- Exercise instructions -
Among the records that follow, find the line with "interpret M1: real_distribution M1 by fact" and the line with "unfolding S_def by". Set down those lines and all lines between them exactly, without adding anything.

Top of Available records

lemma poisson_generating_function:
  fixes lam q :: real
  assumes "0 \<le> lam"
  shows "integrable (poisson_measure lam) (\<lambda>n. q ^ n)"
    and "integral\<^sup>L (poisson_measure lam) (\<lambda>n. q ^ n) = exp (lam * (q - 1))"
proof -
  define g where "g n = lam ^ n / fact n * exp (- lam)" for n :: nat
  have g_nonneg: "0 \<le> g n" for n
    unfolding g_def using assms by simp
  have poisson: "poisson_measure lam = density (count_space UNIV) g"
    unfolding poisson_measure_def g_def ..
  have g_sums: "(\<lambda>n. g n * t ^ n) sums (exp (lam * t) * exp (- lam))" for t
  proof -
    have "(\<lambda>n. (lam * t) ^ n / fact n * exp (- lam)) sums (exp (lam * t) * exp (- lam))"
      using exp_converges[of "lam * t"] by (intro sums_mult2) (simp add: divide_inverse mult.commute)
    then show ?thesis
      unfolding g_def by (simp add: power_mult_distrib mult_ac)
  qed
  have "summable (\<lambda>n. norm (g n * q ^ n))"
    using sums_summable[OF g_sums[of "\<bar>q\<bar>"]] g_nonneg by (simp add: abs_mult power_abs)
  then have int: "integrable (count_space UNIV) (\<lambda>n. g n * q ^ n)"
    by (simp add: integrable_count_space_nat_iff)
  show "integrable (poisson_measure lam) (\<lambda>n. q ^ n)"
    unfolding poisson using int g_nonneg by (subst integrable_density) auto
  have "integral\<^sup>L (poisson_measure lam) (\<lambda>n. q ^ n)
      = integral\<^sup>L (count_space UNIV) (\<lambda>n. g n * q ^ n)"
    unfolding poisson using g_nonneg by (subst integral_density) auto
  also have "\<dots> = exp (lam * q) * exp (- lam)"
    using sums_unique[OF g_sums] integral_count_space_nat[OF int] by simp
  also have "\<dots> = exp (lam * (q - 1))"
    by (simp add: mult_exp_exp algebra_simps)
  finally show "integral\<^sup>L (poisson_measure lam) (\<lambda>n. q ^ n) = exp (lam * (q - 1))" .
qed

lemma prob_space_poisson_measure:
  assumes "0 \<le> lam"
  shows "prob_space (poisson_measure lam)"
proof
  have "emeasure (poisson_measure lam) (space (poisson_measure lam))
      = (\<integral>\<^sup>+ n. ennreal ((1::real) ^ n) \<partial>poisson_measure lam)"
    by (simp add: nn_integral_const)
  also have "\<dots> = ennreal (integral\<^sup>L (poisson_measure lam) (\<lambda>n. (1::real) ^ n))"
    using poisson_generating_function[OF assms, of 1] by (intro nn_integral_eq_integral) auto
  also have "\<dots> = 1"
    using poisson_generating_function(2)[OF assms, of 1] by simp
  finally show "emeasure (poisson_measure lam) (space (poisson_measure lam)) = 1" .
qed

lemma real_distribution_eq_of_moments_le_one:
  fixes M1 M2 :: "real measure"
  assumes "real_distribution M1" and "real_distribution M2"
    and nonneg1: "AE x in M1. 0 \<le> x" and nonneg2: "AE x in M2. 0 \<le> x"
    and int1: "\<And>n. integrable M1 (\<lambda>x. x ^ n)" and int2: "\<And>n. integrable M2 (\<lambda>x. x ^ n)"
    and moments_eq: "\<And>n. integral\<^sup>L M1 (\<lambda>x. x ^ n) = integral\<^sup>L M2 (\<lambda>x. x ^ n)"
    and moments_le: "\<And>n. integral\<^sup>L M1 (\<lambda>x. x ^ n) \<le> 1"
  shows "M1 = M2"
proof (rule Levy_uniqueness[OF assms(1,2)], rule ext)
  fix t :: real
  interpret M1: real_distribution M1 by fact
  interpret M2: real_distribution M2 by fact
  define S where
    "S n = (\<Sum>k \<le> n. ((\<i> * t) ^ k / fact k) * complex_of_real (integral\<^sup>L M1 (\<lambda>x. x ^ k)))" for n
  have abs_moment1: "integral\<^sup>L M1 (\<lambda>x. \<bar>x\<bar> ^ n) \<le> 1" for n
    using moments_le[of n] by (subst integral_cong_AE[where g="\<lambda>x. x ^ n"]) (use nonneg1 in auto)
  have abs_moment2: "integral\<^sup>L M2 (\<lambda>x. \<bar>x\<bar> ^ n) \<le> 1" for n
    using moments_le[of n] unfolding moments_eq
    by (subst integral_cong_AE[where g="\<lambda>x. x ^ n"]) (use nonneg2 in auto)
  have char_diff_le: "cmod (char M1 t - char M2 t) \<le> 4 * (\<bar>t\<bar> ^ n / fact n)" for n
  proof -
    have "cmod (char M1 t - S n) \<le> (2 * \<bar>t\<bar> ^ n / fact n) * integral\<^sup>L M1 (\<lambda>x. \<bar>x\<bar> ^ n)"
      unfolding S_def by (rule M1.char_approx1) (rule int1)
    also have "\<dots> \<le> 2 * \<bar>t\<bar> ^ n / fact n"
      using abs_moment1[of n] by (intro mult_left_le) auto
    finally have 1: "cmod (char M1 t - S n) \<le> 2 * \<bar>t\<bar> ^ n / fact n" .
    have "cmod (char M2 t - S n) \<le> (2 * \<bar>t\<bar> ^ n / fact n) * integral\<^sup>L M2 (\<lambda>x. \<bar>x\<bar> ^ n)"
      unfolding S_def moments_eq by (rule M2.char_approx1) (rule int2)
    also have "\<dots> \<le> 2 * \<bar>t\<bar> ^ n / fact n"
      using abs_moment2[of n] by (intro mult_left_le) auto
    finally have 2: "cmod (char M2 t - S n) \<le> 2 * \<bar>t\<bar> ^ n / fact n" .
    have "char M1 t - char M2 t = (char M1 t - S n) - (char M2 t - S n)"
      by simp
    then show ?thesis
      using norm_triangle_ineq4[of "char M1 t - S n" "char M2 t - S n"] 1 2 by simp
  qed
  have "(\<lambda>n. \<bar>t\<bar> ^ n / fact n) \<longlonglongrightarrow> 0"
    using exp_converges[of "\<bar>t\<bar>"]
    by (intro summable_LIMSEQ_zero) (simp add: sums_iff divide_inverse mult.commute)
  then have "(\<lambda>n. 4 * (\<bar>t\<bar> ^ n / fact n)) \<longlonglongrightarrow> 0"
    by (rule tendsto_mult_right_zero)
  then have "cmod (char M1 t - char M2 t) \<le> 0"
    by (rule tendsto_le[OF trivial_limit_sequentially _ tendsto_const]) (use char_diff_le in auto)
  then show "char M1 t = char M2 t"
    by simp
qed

Bottom of Available records
Top of Available records

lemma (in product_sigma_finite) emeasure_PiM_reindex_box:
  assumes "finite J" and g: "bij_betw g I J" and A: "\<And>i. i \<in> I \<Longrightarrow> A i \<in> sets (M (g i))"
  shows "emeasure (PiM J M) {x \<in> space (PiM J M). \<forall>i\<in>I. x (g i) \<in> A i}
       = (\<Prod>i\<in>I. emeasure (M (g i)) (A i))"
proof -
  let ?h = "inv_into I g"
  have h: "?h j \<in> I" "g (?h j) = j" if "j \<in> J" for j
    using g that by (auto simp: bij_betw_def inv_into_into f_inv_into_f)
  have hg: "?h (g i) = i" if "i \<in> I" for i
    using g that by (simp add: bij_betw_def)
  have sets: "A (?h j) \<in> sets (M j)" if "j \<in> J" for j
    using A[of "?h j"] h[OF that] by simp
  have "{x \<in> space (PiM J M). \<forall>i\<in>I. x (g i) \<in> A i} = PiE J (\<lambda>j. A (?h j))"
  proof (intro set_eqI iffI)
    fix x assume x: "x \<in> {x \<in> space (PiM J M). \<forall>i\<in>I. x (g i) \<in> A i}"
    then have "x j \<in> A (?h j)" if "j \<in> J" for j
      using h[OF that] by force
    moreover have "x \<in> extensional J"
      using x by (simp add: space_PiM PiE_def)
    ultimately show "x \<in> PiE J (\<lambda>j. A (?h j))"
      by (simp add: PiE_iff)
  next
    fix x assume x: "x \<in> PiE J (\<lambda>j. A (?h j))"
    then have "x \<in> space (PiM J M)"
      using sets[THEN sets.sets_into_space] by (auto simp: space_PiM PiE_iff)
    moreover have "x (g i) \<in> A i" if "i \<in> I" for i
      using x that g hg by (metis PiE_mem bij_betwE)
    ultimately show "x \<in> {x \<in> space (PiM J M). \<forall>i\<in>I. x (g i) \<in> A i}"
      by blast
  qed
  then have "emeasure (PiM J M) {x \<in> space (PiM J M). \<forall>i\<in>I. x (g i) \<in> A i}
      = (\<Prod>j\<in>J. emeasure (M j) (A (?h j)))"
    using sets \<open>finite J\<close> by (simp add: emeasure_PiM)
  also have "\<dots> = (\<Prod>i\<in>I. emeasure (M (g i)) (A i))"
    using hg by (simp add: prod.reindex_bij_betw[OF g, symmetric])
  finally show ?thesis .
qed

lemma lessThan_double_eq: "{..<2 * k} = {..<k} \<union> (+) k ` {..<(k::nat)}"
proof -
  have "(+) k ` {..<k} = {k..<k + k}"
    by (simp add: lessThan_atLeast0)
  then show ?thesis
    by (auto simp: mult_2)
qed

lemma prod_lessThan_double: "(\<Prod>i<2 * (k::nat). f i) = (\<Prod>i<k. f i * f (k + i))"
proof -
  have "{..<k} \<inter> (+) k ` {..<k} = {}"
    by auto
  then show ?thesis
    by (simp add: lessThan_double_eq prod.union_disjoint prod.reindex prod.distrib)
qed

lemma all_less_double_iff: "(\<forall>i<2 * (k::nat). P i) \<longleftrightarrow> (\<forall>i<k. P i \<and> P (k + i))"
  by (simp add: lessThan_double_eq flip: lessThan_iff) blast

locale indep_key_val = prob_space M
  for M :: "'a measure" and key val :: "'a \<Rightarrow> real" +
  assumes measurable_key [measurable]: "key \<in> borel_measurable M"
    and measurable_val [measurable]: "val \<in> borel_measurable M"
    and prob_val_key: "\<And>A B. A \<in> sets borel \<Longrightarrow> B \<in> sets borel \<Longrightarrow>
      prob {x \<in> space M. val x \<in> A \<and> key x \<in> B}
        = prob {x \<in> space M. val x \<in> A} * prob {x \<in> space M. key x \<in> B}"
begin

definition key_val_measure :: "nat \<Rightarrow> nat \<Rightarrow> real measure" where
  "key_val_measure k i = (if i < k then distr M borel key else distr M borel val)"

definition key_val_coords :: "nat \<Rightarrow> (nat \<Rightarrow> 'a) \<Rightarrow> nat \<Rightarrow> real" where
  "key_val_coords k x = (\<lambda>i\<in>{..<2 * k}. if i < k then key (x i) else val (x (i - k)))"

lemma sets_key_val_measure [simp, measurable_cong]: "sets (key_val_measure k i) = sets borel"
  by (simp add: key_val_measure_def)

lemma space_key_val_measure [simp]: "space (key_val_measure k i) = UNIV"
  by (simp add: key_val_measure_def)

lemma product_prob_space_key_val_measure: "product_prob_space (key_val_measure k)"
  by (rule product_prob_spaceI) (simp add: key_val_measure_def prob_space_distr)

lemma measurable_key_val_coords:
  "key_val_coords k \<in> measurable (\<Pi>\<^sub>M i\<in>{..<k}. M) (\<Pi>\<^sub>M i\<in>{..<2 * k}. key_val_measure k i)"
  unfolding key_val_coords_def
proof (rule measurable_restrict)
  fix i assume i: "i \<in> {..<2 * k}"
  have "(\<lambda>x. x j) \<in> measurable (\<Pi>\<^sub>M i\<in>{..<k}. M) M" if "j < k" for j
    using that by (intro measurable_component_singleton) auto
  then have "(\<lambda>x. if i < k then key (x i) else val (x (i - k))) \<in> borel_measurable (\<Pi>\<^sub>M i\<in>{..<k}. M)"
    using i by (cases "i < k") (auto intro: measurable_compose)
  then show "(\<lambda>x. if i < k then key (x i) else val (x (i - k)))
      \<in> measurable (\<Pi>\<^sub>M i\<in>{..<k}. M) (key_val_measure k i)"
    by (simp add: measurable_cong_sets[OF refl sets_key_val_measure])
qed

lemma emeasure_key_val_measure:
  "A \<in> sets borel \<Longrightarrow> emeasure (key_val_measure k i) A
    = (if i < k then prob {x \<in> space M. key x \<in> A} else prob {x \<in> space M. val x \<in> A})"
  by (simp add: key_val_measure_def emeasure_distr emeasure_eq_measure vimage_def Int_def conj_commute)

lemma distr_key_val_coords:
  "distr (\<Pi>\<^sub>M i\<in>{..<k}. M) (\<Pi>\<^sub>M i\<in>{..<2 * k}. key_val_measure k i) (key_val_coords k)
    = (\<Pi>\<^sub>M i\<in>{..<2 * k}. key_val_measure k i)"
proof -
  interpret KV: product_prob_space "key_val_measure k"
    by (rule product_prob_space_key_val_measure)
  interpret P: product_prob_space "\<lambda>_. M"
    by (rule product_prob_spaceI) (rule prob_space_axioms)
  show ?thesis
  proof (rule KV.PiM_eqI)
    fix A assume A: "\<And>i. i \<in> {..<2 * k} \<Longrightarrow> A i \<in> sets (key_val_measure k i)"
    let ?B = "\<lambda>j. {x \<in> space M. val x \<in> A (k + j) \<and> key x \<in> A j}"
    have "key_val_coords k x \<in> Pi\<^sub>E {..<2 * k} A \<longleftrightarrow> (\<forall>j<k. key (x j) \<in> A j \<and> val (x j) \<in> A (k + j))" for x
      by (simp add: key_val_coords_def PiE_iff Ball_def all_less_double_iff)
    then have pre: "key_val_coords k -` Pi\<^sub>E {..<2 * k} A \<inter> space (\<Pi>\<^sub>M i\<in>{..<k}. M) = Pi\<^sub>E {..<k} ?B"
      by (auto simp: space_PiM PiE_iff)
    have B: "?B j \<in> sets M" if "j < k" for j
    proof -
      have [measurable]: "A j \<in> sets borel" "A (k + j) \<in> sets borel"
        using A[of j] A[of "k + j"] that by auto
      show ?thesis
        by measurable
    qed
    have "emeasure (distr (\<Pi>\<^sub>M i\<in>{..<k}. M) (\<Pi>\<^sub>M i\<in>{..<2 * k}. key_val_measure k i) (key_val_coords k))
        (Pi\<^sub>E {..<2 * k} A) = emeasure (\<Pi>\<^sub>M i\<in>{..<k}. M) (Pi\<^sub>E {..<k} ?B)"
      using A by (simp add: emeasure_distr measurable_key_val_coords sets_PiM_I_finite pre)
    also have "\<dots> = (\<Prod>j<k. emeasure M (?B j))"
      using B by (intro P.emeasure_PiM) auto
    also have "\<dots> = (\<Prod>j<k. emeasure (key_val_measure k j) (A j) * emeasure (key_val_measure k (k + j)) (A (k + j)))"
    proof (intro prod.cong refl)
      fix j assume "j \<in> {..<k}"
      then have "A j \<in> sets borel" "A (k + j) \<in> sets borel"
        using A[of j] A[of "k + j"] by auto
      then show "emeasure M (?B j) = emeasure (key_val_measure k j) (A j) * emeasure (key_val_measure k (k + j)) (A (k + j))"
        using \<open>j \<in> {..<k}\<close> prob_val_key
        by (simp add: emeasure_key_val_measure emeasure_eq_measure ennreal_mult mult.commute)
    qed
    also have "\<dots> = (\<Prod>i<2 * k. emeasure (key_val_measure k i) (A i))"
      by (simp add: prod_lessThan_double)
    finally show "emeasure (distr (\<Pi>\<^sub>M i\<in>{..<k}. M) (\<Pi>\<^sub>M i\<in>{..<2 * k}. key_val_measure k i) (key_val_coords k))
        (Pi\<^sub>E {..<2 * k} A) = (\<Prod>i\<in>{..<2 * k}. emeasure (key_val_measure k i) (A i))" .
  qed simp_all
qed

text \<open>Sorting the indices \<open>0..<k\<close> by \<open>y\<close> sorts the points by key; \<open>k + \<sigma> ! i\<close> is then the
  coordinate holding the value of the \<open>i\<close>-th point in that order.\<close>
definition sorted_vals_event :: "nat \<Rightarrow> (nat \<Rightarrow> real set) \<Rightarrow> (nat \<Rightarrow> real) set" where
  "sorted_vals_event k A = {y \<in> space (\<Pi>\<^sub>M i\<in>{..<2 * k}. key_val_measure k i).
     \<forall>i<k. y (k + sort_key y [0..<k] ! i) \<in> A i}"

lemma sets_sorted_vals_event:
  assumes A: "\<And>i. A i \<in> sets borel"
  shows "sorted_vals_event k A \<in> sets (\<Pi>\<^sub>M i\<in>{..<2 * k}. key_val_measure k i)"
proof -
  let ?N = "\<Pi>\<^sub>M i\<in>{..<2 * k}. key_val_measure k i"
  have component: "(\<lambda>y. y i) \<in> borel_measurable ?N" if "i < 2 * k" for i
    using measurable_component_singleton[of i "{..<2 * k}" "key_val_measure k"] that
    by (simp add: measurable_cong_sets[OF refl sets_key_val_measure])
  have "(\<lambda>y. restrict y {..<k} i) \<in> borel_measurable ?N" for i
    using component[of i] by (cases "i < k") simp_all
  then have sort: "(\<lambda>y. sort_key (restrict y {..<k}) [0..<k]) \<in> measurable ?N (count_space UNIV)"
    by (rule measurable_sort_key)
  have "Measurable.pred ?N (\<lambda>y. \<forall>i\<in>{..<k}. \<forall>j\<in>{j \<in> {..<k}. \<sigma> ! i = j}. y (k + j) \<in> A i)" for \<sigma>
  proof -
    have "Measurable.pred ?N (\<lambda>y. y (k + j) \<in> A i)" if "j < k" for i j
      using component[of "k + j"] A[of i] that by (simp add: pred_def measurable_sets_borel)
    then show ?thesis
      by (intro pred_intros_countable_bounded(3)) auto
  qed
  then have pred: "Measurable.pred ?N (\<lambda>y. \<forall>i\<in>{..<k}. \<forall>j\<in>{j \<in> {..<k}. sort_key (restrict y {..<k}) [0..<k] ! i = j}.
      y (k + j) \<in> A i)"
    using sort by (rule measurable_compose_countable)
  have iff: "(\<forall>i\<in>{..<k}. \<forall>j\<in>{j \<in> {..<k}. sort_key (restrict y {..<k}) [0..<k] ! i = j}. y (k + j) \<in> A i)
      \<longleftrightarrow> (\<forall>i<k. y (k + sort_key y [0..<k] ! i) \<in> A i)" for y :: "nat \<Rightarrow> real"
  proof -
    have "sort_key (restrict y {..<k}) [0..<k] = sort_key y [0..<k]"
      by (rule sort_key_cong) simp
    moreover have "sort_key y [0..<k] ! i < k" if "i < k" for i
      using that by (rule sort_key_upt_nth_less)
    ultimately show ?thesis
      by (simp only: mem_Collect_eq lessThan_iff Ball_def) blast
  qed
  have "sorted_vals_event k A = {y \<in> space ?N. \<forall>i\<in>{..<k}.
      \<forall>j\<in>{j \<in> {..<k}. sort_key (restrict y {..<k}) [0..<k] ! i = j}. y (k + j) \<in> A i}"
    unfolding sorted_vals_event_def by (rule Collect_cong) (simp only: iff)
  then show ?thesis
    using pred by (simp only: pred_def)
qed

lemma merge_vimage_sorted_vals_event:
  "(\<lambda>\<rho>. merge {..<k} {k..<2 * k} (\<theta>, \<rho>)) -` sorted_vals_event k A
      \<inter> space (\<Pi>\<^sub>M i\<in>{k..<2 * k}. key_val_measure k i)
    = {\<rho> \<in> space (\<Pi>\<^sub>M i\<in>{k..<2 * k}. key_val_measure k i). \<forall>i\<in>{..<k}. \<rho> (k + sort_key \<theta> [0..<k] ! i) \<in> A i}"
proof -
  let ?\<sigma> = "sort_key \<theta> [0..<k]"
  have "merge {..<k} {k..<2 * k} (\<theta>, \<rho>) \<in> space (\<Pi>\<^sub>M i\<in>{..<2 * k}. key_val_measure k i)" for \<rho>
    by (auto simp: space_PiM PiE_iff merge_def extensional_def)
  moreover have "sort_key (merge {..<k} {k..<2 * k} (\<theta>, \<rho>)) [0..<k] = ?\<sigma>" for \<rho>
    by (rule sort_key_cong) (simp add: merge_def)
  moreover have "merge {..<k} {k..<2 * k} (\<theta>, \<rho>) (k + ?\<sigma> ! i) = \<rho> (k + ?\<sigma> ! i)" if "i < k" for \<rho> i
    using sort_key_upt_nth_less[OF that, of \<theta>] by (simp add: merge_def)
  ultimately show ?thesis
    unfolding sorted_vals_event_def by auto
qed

Bottom of Available records

- Answer space -
  interpret M1: real_distribution M1 by fact
  interpret M2: real_distribution M2 by fact
  define S where
    "S n = (\<Sum>k \<le> n. ((\<i> * t) ^ k / fact k) * complex_of_real (integral\<^sup>L M1 (\<lambda>x. x ^ k)))" for n
  have abs_moment1: "integral\<^sup>L M1 (\<lambda>x. \<bar>x\<bar> ^ n) \<le> 1" for n
    using moments_le[of n] by (subst integral_cong_AE[where g="\<lambda>x. x ^ n"]) (use nonneg1 in auto)
  have abs_moment2: "integral\<^sup>L M2 (\<lambda>x. \<bar>x\<bar> ^ n) \<le> 1" for n
    using moments_le[of n] unfolding moments_eq
    by (subst integral_cong_AE[where g="\<lambda>x. x ^ n"]) (use nonneg2 in auto)
  have char_diff_le: "cmod (char M1 t - char M2 t) \<le> 4 * (\<bar>t\<bar> ^ n / fact n)" for n
  proof -
    have "cmod (char M1 t - S n) \<le> (2 * \<bar>t\<bar> ^ n / fact n) * integral\<^sup>L M1 (\<lambda>x. \<bar>x\<bar> ^ n)"
      unfolding S_def by (rule M1.char_approx1) (rule int1)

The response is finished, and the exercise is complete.